Нельзя отрицать, что первоначальный проект был ошибочным и недальновидным и не в полной мере использовал возможности ситуации. Архитектор был по сути городским жителем, и он спланировал современный город с расчетом на уличные виды, и только на них. Деревня не входила в его план; он никогда не поднимал глаз на холмы. Если бы он захотел, каждая улица на северном склоне могла бы стать благородной террасой и открывать обширный и прекрасный вид. Но пространство было застроено слишком плотно; многие дома обращены не в ту сторону, устремленные, подобно Человеку с граблями, на то, что не стоит внимания, и стоящие невежливо задом наперед в рядах; и, одним словом, слишком часто только из окон чердаков или кое-где на перекрестке можно взглянуть за пределы города на его разнообразные окрестности. Но, возможно, тем удивительнее внезапно выйти на угол и увидеть перспективу в милю или более спускающейся улицы, а за ней леса, виллы, синюю полоску моря и холмы на дальней стороне.
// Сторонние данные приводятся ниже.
lemma exists_bij_comp_shape_mono:
  assumes fin: "fin_mono m"
  obtains \<sigma> where "bij \<sigma>" "m \<circ> \<sigma> = shape_mono (mono_shape m)"
proof -
  let ?S = "{i. m i \<noteq> 0}"
  have S: "finite ?S" using fin by (simp add: fin_mono_def)
  define ls where "ls = sorted_list_of_set ?S"
  have ls: "distinct ls" "set ls = ?S" using S by (auto simp: ls_def)
  have "mset ls = mset_set ?S" using ls mset_set_set[of ls] by simp
  hence mset_ls: "mset (map m ls) = mono_shape m" by (simp add: mono_shape_def)
  define xs where "xs = sorted_list_of_multiset (mono_shape m)"
  have "mset xs = mset (map m ls)" unfolding xs_def mset_ls by simp
  then obtain p where p: "p permutes {..<length ls}" "permute_list p (map m ls) = xs"
    by (metis length_map mset_eq_permutation)
  let ?k = "length ls"
  have size: "size (mono_shape m) = ?k" by (metis mset_ls length_map size_mset)
  have g: "bij_betw (\<lambda>i. ls ! p i) {..<?k} ?S"
    using permutes_imp_bij[OF p(1)] bij_betw_nth[OF ls(1), of "{..<?k}"] ls(2)
    by (auto intro: bij_betw_trans[unfolded comp_def])
  then obtain \<sigma> where \<sigma>: "bij \<sigma>" "\<And>i. i < ?k \<Longrightarrow> \<sigma> i = ls ! p i"
    using bij_betw_extend_bij[OF _ S] by (metis finite_lessThan lessThan_iff)
  have "m (\<sigma> i) = shape_mono (mono_shape m) i" for i
  proof (cases "i < ?k")
    case True
    have "permute_list p (map m ls) ! i = map m ls ! p i"
      using p(1) True by (simp add: permute_list_nth)
    hence "m (\<sigma> i) = permute_list p (map m ls) ! i"
      using True \<sigma>(2) permutes_in_image[OF p(1)] by simp
    thus ?thesis using True p(2) size by (simp add: shape_mono_def xs_def)
  next
    case False
    have "\<sigma> ` {..<?k} = (\<lambda>i. ls ! p i) ` {..<?k}" using \<sigma>(2) by (intro image_cong) auto
    hence "\<sigma> ` {..<?k} = ?S" using bij_betw_imp_surj_on[OF g] by simp
    hence "\<sigma> i \<notin> ?S"
      using False inj_image_mem_iff[OF bij_is_inj[OF \<sigma>(1)], of i "{..<?k}"] by simp
    thus ?thesis using False size by (simp add: shape_mono_def)
  qed
  thus ?thesis using that \<sigma>(1) by (auto simp: fun_eq_iff)
qed

lemma Lambda_eq_at_shape_mono:
  assumes "f \<in> Lambda n" "fin_mono m"
  shows "f m = f (shape_mono (mono_shape m))"
proof -
  obtain \<sigma> where "bij \<sigma>" "m \<circ> \<sigma> = shape_mono (mono_shape m)"
    using exists_bij_comp_shape_mono[OF assms(2)] .
  thus ?thesis using Lambda_symmetric[OF assms(1)] by metis
qed

lemma sf_m_Lambda:
  assumes "\<beta> \<in> partitions n"
  shows "sf_m \<beta> \<in> Lambda n"
  unfolding Lambda_def mem_Collect_eq
proof (rule conjI; intro allI impI)
  fix m assume "sf_m \<beta> m \<noteq> 0"
  hence "fin_mono m" "mono_shape m = \<beta>" by (auto simp: sf_m_def split: if_splits)
  thus "fin_mono m \<and> mdeg m = n"
    using partitions_sum_mset[OF assms] sum_mset_mono_shape by auto
next
  fix \<sigma> :: "nat \<Rightarrow> nat" and m assume "bij \<sigma>"
  thus "sf_m \<beta> (m \<circ> \<sigma>) = sf_m \<beta> m" by (simp add: sf_m_def mono_shape_comp_bij)
qed

lemma sf_m_shape_mono: "\<alpha> \<in> partitions n \<Longrightarrow> sf_m \<beta> (shape_mono \<alpha>) = of_bool (\<beta> = \<alpha>)"
  using shape_mono_has_shape[of \<alpha>] by (auto simp: sf_m_def partitions_def)

lemma Lambda_expand_sf_m:
  assumes f: "f \<in> Lambda n"
  shows "f m = (\<Sum>\<beta>\<in>partitions n. f (shape_mono \<beta>) * sf_m \<beta> m)"
proof (cases "fin_mono m \<and> mdeg m = n")
  case True
  hence "mono_shape m \<in> partitions n" using mono_shape_partition by auto
  have "(\<Sum>\<beta>\<in>partitions n. f (shape_mono \<beta>) * sf_m \<beta> m) =
        (\<Sum>\<beta>\<in>partitions n. if \<beta> = mono_shape m then f (shape_mono \<beta>) else 0)"
    using True by (intro sum.cong) (auto simp: sf_m_def)
  also have "\<dots> = f (shape_mono (mono_shape m))"
    using \<open>mono_shape m \<in> partitions n\<close> finite_partitions by simp
  finally show ?thesis using Lambda_eq_at_shape_mono[OF f] True by simp
next
  case False
  hence "f m = 0" using Lambda_support[OF f] by blast
  moreover have "sf_m \<beta> m = 0" if "\<beta> \<in> partitions n" for \<beta>
    using False that sum_mset_mono_shape by (auto simp: sf_m_def partitions_def)
  ultimately show ?thesis by simp
qed

lemma is_basis_Lambda_sf_m: "is_basis_Lambda n sf_m"
  unfolding is_basis_Lambda_iff
proof (intro conjI)
  show "\<forall>\<alpha>\<in>partitions n. sf_m \<alpha> \<in> Lambda n"
    using sf_m_Lambda by blast
  show "lin_indep (partitions n) sf_m"
    unfolding lin_indep_def
  proof (intro allI impI ballI)
    fix c \<alpha> assume zero: "\<forall>m. (\<Sum>\<beta>\<in>partitions n. c \<beta> * sf_m \<beta> m) = 0" and \<alpha>: "\<alpha> \<in> partitions n"
    have "c \<alpha> = (\<Sum>\<beta>\<in>partitions n. c \<beta> * sf_m \<beta> (shape_mono \<alpha>))"
      using \<alpha> finite_partitions by (simp add: sf_m_shape_mono)
    thus "c \<alpha> = 0" using zero by simp
  qed
  show "Lambda n \<subseteq> lin_span (partitions n) sf_m"
  proof
    fix f assume "f \<in> Lambda n"
    thus "f \<in> lin_span (partitions n) sf_m"
      unfolding lin_span_def using Lambda_expand_sf_m
      by (intro CollectI exI[of _ "\<lambda>\<beta>. f (shape_mono \<beta>)"]) blast
  qed
qed

section \<open>Power sums\<close>

lemma Lambda_sf_mult:
  assumes f: "f \<in> Lambda a" and g: "g \<in> Lambda b"
  shows "sf_mult f g \<in> Lambda (a + b)"
  unfolding Lambda_def mem_Collect_eq
proof (rule conjI; intro allI impI)
  fix m assume nz: "sf_mult f g m \<noteq> 0"
  hence fin: "fin_mono m" using sf_mult_not_fin_mono by blast
  obtain x where x: "x \<in> {..m}" "f x * g (m - x) \<noteq> 0"
    using nz unfolding sf_mult_eq by (rule sum.not_neutral_contains_not_neutral)
  have "mdeg x = a" "mdeg (m - x) = b"
    using x(2) Lambda_support[OF f, of x] Lambda_support[OF g, of "m - x"] by auto
  thus "fin_mono m \<and> mdeg m = a + b" using mdeg_diff[OF fin] x(1) fin by simp
next
  fix \<sigma> :: "nat \<Rightarrow> nat" and m assume "bij \<sigma>"
  thus "sf_mult f g (m \<circ> \<sigma>) = sf_mult f g m"
    using Lambda_symmetric[OF f] Lambda_symmetric[OF g] by (intro sf_mult_comp_bij)
qed

lemma sf_one_Lambda: "sf_one \<in> Lambda 0"
  unfolding Lambda_def mem_Collect_eq
proof (rule conjI; intro allI impI)
  fix m assume "sf_one m \<noteq> 0"
  thus "fin_mono m \<and> mdeg m = 0" by (simp add: sf_one_def fin_mono_def mdeg_def split: if_splits)
next
  fix \<sigma> :: "nat \<Rightarrow> nat" and m :: mono assume "bij \<sigma>"
  hence "(\<forall>i. m (\<sigma> i) = 0) \<longleftrightarrow> (\<forall>i. m i = 0)" by (metis bij_pointE)
  thus "sf_one (m \<circ> \<sigma>) = sf_one m" by (simp add: sf_one_def)
qed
Фергюссон, наш эдинбургский поэт, образец для Бернса, однажды увидел бабочку у Городского креста; и это зрелище вдохновило его на никчемную маленькую оду. Этот расписной деревенский житель, франт розового сада, смотрел далеко вокруг в таком шумном соседстве; и вы можете представить, какие моральные соображения привел бы юный поэт. Но этот случай, в причудливом роде, характерен для этого места. Ни в один другой город вид деревни не проникает так глубоко; если вы не встретите бабочку, то обязательно мельком увидите деревья вдалеке во время своей прогулки; и место полно театральных трюков в плане декораций. Вы заглядываете под арку, спускаетесь по лестнице, которая выглядит так, будто приведет вас в подвал, поворачиваете к заднему окну грязного многоквартирного дома в переулке: — и вот! вы лицом к лицу с далекими и яркими перспективами. Вы поворачиваете за угол, и вот солнце садится за холмы Хайленда. Вы смотрите вниз по аллее и видите корабли, лавирующие в сторону Балтики.
Для деревенских жителей видеть Эдинбург на его вершинах — одно, другое дело — для горожанина, из гущи своих дел, смотреть на деревню. Это должно быть благотворным и облагораживающим влиянием в жизни; это должно побуждать к добрым мыслям и напоминать о безразличии Природы: что он может наблюдать изо дня в день, пока рысит на службу, как весенняя зелень ярче становится в лесу или поле чернеет под движущимся плугом. У меня возникло искушение в этой связи посетовать на скудные способности человеческого рода, с его голосом, подобным свисту, тупыми ушами и узким диапазоном зрения. Если бы вы могли видеть так, как люди должны видеть на небесах, если бы у вас были глаза, которые можно представить у высшей расы, если бы вы могли ясно замечать объекты зрения не только в нескольких ярдах, но и в нескольких милях от того места, где стоите: — подумайте, как приятно развлекалось бы ваше зрение, как приятно разнообразились бы ваши мысли, когда вы гуляли по улицам Эдинбурга! Ибо вы могли бы остановиться в каком-то деловом затруднении посреди городского движения и, возможно, поймать взгляд пастуха, когда он садился передохнуть на поросшем вереском склоне Пентлендов; или, возможно, какой-нибудь мальчишка, карабкающийся на деревенский вяз, раздвинул бы листья и показал вам свое раскрасневшееся и простоватое лицо; или рыбак, мчащийся к морю с румпелем под локтем и парусом, звучащим на ветру, бросил бы вам приветствие между Анстером и островом Мэй.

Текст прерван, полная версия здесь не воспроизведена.